Excerpted data =
(* Let $(p_{ij})_{i,j\in\{0,1\}}$ be a transition matrix with all $p_{ij}\in(0,1)$ and $p_{ij}\ne\tfrac12$ for some $(i,j)$; for $i\in\{0,1\}$ let $I_n^i\sim B(n,p_{i0})$. Let $(X_n^i,Z_n^i)_{n\in\mathbb N_0}$, $i\in\{0,1\}$, be random variables with finite second moments such that $X_n^i=Z_n^i=0$ for $n\le1$ and, for all $n\ge2$ and $i\in\{0,1\}$, $$\begin{pmatrix}X_n^i\\ Z_n^i\end{pmatrix}\stackrel{d}{=}\begin{pmatrix}X^0_{I_n^i}\\ Z^0_{I_n^i}\end{pmatrix}+\begin{pmatrix}X^1_{n-I_n^i}\\ Z^1_{n-I_n^i}\end{pmatrix}+\begin{pmatrix}\eta_n^{i,1}\\ \eta_n^{i,2}\end{pmatrix},$$ with $(X^0_k,Z^0_k)_{k\le n}$, $(X^1_k,Z^1_k)_{k\le n}$, $I_n^i$ independent on the right, and $$\eta_n^{i,1}=\frac1H\Big(n\log n-\mathbb E\big[I_n^i\log I_n^i+(n-I_n^i)\log(n-I_n^i)\big]\Big)+\pi_{1-i}\frac{H_{1-i}-H_i}{H}n+\frac{H_1-H_0}{(p_{01}+p_{10})H}p_{i0}p_{i1}^{n-1}n,\quad \eta_n^{i,2}=n-\eta_n^{i,1}.$$ Let $\nu_Z^i(n)=\mathbb E[Z_n^i]$. Then there exists $C>0$ such that for $i\in\{0,1\}$ and all $n,m\in\mathbb N_0$, $|\nu_Z^i(n)-\nu_Z^i(m)|\le C|n-m|$.
   Context: $0\log0:=0$. $\pi_0=p_{10}/(p_{01}+p_{10})$, $\pi_1=p_{01}/(p_{01}+p_{10})$, $H_i=-\sum_jp_{ij}\log p_{ij}$, $H=\pi_0H_0+\pi_1H_1$. *)

theory Defs
  imports "HOL-Probability.Probability"
begin

text \<open>Natural logarithm is used; the base is irrelevant since only ratios occur.
  Note ln 0 = 0 in Isabelle, so 0 * ln 0 = 0 matches the convention 0 log 0 := 0.\<close>

definition xlogx :: "real \<Rightarrow> real" where
  "xlogx x = x * ln x"

definition Hent :: "(nat \<Rightarrow> nat \<Rightarrow> real) \<Rightarrow> nat \<Rightarrow> real" where
  "Hent p i = - (\<Sum>j<2. xlogx (p i j))"

definition statpi :: "(nat \<Rightarrow> nat \<Rightarrow> real) \<Rightarrow> nat \<Rightarrow> real" where
  "statpi p i = (if i = 0 then p 1 0 / (p 0 1 + p 1 0) else p 0 1 / (p 0 1 + p 1 0))"

definition Htot :: "(nat \<Rightarrow> nat \<Rightarrow> real) \<Rightarrow> real" where
  "Htot p = statpi p 0 * Hent p 0 + statpi p 1 * Hent p 1"

definition eta1 :: "(nat \<Rightarrow> nat \<Rightarrow> real) \<Rightarrow> nat \<Rightarrow> nat \<Rightarrow> real" where
  "eta1 p i n =
     (1 / Htot p) * (xlogx (real n)
        - measure_pmf.expectation (binomial_pmf n (p i 0))
            (\<lambda>k. xlogx (real k) + xlogx (real (n - k))))
     + statpi p (1 - i) * (Hent p (1 - i) - Hent p i) / Htot p * real n
     + (Hent p 1 - Hent p 0) / ((p 0 1 + p 1 0) * Htot p) * p i 0 * p i 1 ^ (n - 1) * real n"

definition eta2 :: "(nat \<Rightarrow> nat \<Rightarrow> real) \<Rightarrow> nat \<Rightarrow> nat \<Rightarrow> real" where
  "eta2 p i n = real n - eta1 p i n"

end

theory Submission
  imports Defs "HOL-Real_Asymp.Real_Asymp"
begin

text \<open>Taking expectations in the distributional recursion turns the means \<open>a\<^sub>i(n) = E Z\<^sub>n\<^sup>i\<close>
  into a coupled binomial recursion \<open>a\<^sub>i(n) = E[a\<^sub>0(I) + a\<^sub>1(n - I)] + \<eta>\<^sub>n\<^sup>i\<^sup>,\<^sup>2\<close>,
  \<open>I ~ Bin(n, p\<^sub>i\<^sub>0)\<close>. Pascal's rule shows that the increments \<open>d\<^sub>i(n) = a\<^sub>i(n + 1) - a\<^sub>i(n)\<close>
  satisfy the same kind of recursion, with \<open>d\<^sub>0\<close> and \<open>d\<^sub>1\<close> averaged with weights \<open>p\<^sub>i\<^sub>0\<close> and
  \<open>p\<^sub>i\<^sub>1\<close> and toll \<open>\<eta>\<^sub>n\<^sub>+\<^sub>1\<^sup>i\<^sup>,\<^sup>2 - \<eta>\<^sub>n\<^sup>i\<^sup>,\<^sup>2\<close>. The drift \<open>\<pi>\<^sub>1\<^sub>-\<^sub>i(H\<^sub>1\<^sub>-\<^sub>i - H\<^sub>i)/H\<close> in the toll is chosen
  so that the linear growth \<open>H\<^sub>i n / H\<close> of the entropy term cancels exactly, leaving toll increments
  of order \<open>1/n\<close>. A maximum-principle induction against the comparison sequence \<open>A - B/(n + 1)\<close>
  then bounds the increments uniformly, and telescoping gives the Lipschitz bound.\<close>

section \<open>Binomial averages\<close>

definition binom_avg :: "real \<Rightarrow> nat \<Rightarrow> (nat \<Rightarrow> real) \<Rightarrow> real" where
  "binom_avg q n f = (\<Sum>k\<le>n. real (n choose k) * q ^ k * (1 - q) ^ (n - k) * f k)"

lemma binom_avg_add: "binom_avg q n (\<lambda>k. f k + g k) = binom_avg q n f + binom_avg q n g"
  by (simp add: binom_avg_def sum.distrib algebra_simps)

lemma binom_avg_diff: "binom_avg q n (\<lambda>k. f k - g k) = binom_avg q n f - binom_avg q n g"
  by (simp add: binom_avg_def sum_subtractf algebra_simps)

lemma binom_avg_cmult: "binom_avg q n (\<lambda>k. c * f k) = c * binom_avg q n f"
  by (simp add: binom_avg_def sum_distrib_left algebra_simps)

lemma binom_avg_const: "binom_avg q n (\<lambda>k. c) = c"
proof -
  have "(\<Sum>k\<le>n. real (n choose k) * q ^ k * (1 - q) ^ (n - k)) = (q + (1 - q)) ^ n"
    by (subst binomial_ring) (simp add: atLeast0AtMost)
  then show ?thesis by (simp add: binom_avg_def sum_distrib_right[symmetric])
qed

lemma binom_avg_cong: "(\<And>k. k \<le> n \<Longrightarrow> f k = g k) \<Longrightarrow> binom_avg q n f = binom_avg q n g"
  by (simp add: binom_avg_def)

lemma binom_avg_mono:
  assumes "0 \<le> q" "q \<le> 1" "\<And>k. k \<le> n \<Longrightarrow> f k \<le> g k"
  shows "binom_avg q n f \<le> binom_avg q n g"
  unfolding binom_avg_def using assms by (intro sum_mono mult_left_mono) auto

lemma binom_avg_abs:
  assumes "0 \<le> q" "q \<le> 1"
  shows "\<bar>binom_avg q n f\<bar> \<le> binom_avg q n (\<lambda>k. \<bar>f k\<bar>)"
  unfolding binom_avg_def using assms
  by (intro order_trans[OF sum_abs] sum_mono) (simp add: abs_mult)

lemma binom_avg_reflect: "binom_avg q n (\<lambda>k. f (n - k)) = binom_avg (1 - q) n f"
  unfolding binom_avg_def
  by (rule sum.reindex_bij_witness[where i="\<lambda>k. n - k" and j="\<lambda>k. n - k"])
     (auto simp: binomial_symmetric[symmetric] algebra_simps)

lemma binom_avg_indicator_top: "binom_avg q n (\<lambda>k. if k = n then c else 0) = q ^ n * c"
  by (simp add: binom_avg_def if_distrib sum.delta cong: if_cong)

lemma binom_avg_indicator_bot: "binom_avg q n (\<lambda>k. if k = 0 then c else 0) = (1 - q) ^ n * c"
  by (simp add: binom_avg_def if_distrib sum.delta cong: if_cong)

text \<open>Pascal's rule, read as conditioning on the last of the \<open>n + 1\<close> Bernoulli trials.\<close>
lemma binom_avg_Suc:
  "binom_avg q (Suc n) f = binom_avg q n (\<lambda>k. q * f (Suc k) + (1 - q) * f k)"
proof -
  let ?r = "1 - q"
  have s1: "binom_avg q (Suc n) f = ?r ^ Suc n * f 0 +
      (\<Sum>k\<le>n. real (n choose k) * q ^ Suc k * ?r ^ (n - k) * f (Suc k)) +
      (\<Sum>k\<le>n. real (n choose Suc k) * q ^ Suc k * ?r ^ (n - k) * f (Suc k))"
    unfolding binom_avg_def by (subst sum.atMost_Suc_shift) (simp add: sum.distrib algebra_simps)
  have "?r ^ Suc n * f 0 + (\<Sum>k\<le>n. real (n choose Suc k) * q ^ Suc k * ?r ^ (n - k) * f (Suc k))
      = (\<Sum>k\<le>Suc n. real (n choose k) * q ^ k * ?r ^ (Suc n - k) * f k)"
    by (subst sum.atMost_Suc_shift) simp
  also have "\<dots> = (\<Sum>k\<le>n. real (n choose k) * q ^ k * ?r ^ (Suc n - k) * f k)"
    by simp
  also have "\<dots> = (\<Sum>k\<le>n. real (n choose k) * q ^ k * ?r ^ (n - k) * (?r * f k))"
    by (intro sum.cong refl) (simp add: Suc_diff_le)
  finally have s2: "?r ^ Suc n * f 0 + (\<Sum>k\<le>n. real (n choose Suc k) * q ^ Suc k * ?r ^ (n - k) * f (Suc k))
      = (\<Sum>k\<le>n. real (n choose k) * q ^ k * ?r ^ (n - k) * (?r * f k))" .
  have s3: "binom_avg q n (\<lambda>k. q * f (Suc k) + ?r * f k)
     = (\<Sum>k\<le>n. real (n choose k) * q ^ Suc k * ?r ^ (n - k) * f (Suc k))
      + (\<Sum>k\<le>n. real (n choose k) * q ^ k * ?r ^ (n - k) * (?r * f k))"
    unfolding binom_avg_def sum.distrib[symmetric] by (intro sum.cong refl) (simp add: algebra_simps)
  show ?thesis using s1 s2 s3 by simp
qed

lemma binom_avg_real: "binom_avg q n real = real n * q"
proof (induction n)
  case 0
  then show ?case by (simp add: binom_avg_def)
next
  case (Suc n)
  have "binom_avg q (Suc n) real = binom_avg q n (\<lambda>k. real k + q)"
    by (subst binom_avg_Suc) (simp add: algebra_simps)
  also have "\<dots> = real n * q + q" by (simp add: binom_avg_add binom_avg_const Suc)
  finally show ?case by (simp add: algebra_simps)
qed

lemma binom_avg_convolution_Suc:
  "binom_avg q (Suc n) (\<lambda>k. f k + g (Suc n - k)) - binom_avg q n (\<lambda>k. f k + g (n - k))
   = binom_avg q n (\<lambda>k. q * (f (Suc k) - f k) + (1 - q) * (g (Suc (n - k)) - g (n - k)))"
proof -
  have "binom_avg q (Suc n) (\<lambda>k. f k + g (Suc n - k))
     = binom_avg q n (\<lambda>k. q * (f (Suc k) + g (n - k)) + (1 - q) * (f k + g (Suc (n - k))))"
    by (subst binom_avg_Suc) (intro binom_avg_cong, simp add: Suc_diff_le)
  also have "\<dots> - binom_avg q n (\<lambda>k. f k + g (n - k))
     = binom_avg q n (\<lambda>k. q * (f (Suc k) - f k) + (1 - q) * (g (Suc (n - k)) - g (n - k)))"
    unfolding binom_avg_diff[symmetric] by (intro binom_avg_cong) (simp add: algebra_simps)
  finally show ?thesis .
qed

lemma binom_avg_reciprocal:
  "q * binom_avg q n (\<lambda>k. 1 / (real k + 1)) = (1 - (1 - q) ^ Suc n) / (real n + 1)"
proof -
  let ?r = "1 - q"
  have "(real n + 1) * (q * binom_avg q n (\<lambda>k. 1 / (real k + 1)))
      = (\<Sum>k\<le>n. real (Suc n choose Suc k) * q ^ Suc k * ?r ^ (n - k))"
    unfolding binom_avg_def sum_distrib_left
  proof (intro sum.cong refl)
    fix k
    have "real (Suc n) * real (n choose k) = real (Suc n choose Suc k) * real (Suc k)"
      using Suc_times_binomial_eq[of n k] by (metis of_nat_mult)
    then have "real (n choose k) * (real n + 1) / (real k + 1) = real (Suc n choose Suc k)"
      by (simp add: field_simps)
    moreover have "(real n + 1) * (q * (real (n choose k) * q ^ k * ?r ^ (n - k) * (1 / (real k + 1))))
        = (real (n choose k) * (real n + 1) / (real k + 1)) * q ^ Suc k * ?r ^ (n - k)"
      by (simp add: field_simps)
    ultimately show "(real n + 1) * (q * (real (n choose k) * q ^ k * ?r ^ (n - k) * (1 / (real k + 1))))
        = real (Suc n choose Suc k) * q ^ Suc k * ?r ^ (n - k)"
      by simp
  qed
  also have "\<dots> = (\<Sum>k\<le>Suc n. real (Suc n choose k) * q ^ k * ?r ^ (Suc n - k)) - ?r ^ Suc n"
    by (subst sum.atMost_Suc_shift) simp
  also have "(\<Sum>k\<le>Suc n. real (Suc n choose k) * q ^ k * ?r ^ (Suc n - k)) = 1"
    using binomial_ring[of q ?r "Suc n"] by (simp add: atLeast0AtMost)
  finally show ?thesis by (simp add: field_simps)
qed

lemma set_pmf_binomial_subset: "0 \<le> q \<Longrightarrow> q \<le> 1 \<Longrightarrow> set_pmf (binomial_pmf n q) \<subseteq> {..n}"
  by (auto simp: set_pmf_binomial_eq split: if_splits)

lemma expectation_binomial_eq_binom_avg:
  assumes "0 \<le> q" "q \<le> 1"
  shows "measure_pmf.expectation (binomial_pmf n q) f = binom_avg q n f"
proof -
  have "measure_pmf.expectation (binomial_pmf n q) f = (\<Sum>k\<le>n. pmf (binomial_pmf n q) k *\<^sub>R f k)"
    by (rule integral_measure_pmf) (use set_pmf_binomial_subset[OF assms] in auto)
  then show ?thesis using assms by (simp add: binom_avg_def)
qed

lemma sum_pmf_binomial_eq_binom_avg:
  assumes "0 \<le> q" "q \<le> 1"
  shows "(\<Sum>k\<in>set_pmf (binomial_pmf n q). pmf (binomial_pmf n q) k * f k) = binom_avg q n f"
proof -
  have "(\<Sum>k\<in>set_pmf (binomial_pmf n q). pmf (binomial_pmf n q) k * f k)
      = (\<Sum>k\<le>n. pmf (binomial_pmf n q) k * f k)"
    by (rule sum.mono_neutral_left) (use set_pmf_binomial_subset[OF assms] in \<open>auto simp: set_pmf_eq\<close>)
  then show ?thesis using assms by (simp add: binom_avg_def)
qed

section \<open>Expectations on the product space\<close>

lemma distr_pair_snd_prob:
  assumes "prob_space A" "prob_space B"
  shows "distr (A \<Otimes>\<^sub>M B) B snd = B"
proof (intro measure_eqI)
  interpret A: prob_space A by fact
  interpret B: prob_space B by fact
  fix X assume X: "X \<in> sets (distr (A \<Otimes>\<^sub>M B) B snd)"
  then have "emeasure (distr (A \<Otimes>\<^sub>M B) B snd) X = emeasure (A \<Otimes>\<^sub>M B) (space A \<times> X)"
    by (auto simp: emeasure_distr space_pair_measure dest: sets.sets_into_space
        intro!: arg_cong2[where f=emeasure])
  with X show "emeasure (distr (A \<Otimes>\<^sub>M B) B snd) X = emeasure B X"
    by (simp add: B.emeasure_pair_measure_Times A.emeasure_space_1)
qed simp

Task item =
Filter the lines above so that only those with the string "Hent" remain, then copy them.

Expected answer =
definition Hent :: "(nat \<Rightarrow> nat \<Rightarrow> real) \<Rightarrow> nat \<Rightarrow> real" where
  "Hent p i = - (\<Sum>j<2. xlogx (p i j))"
  "Htot p = statpi p 0 * Hent p 0 + statpi p 1 * Hent p 1"
     + statpi p (1 - i) * (Hent p (1 - i) - Hent p i) / Htot p * real n
     + (Hent p 1 - Hent p 0) / ((p 0 1 + p 1 0) * Htot p) * p i 0 * p i 1 ^ (n - 1) * real n"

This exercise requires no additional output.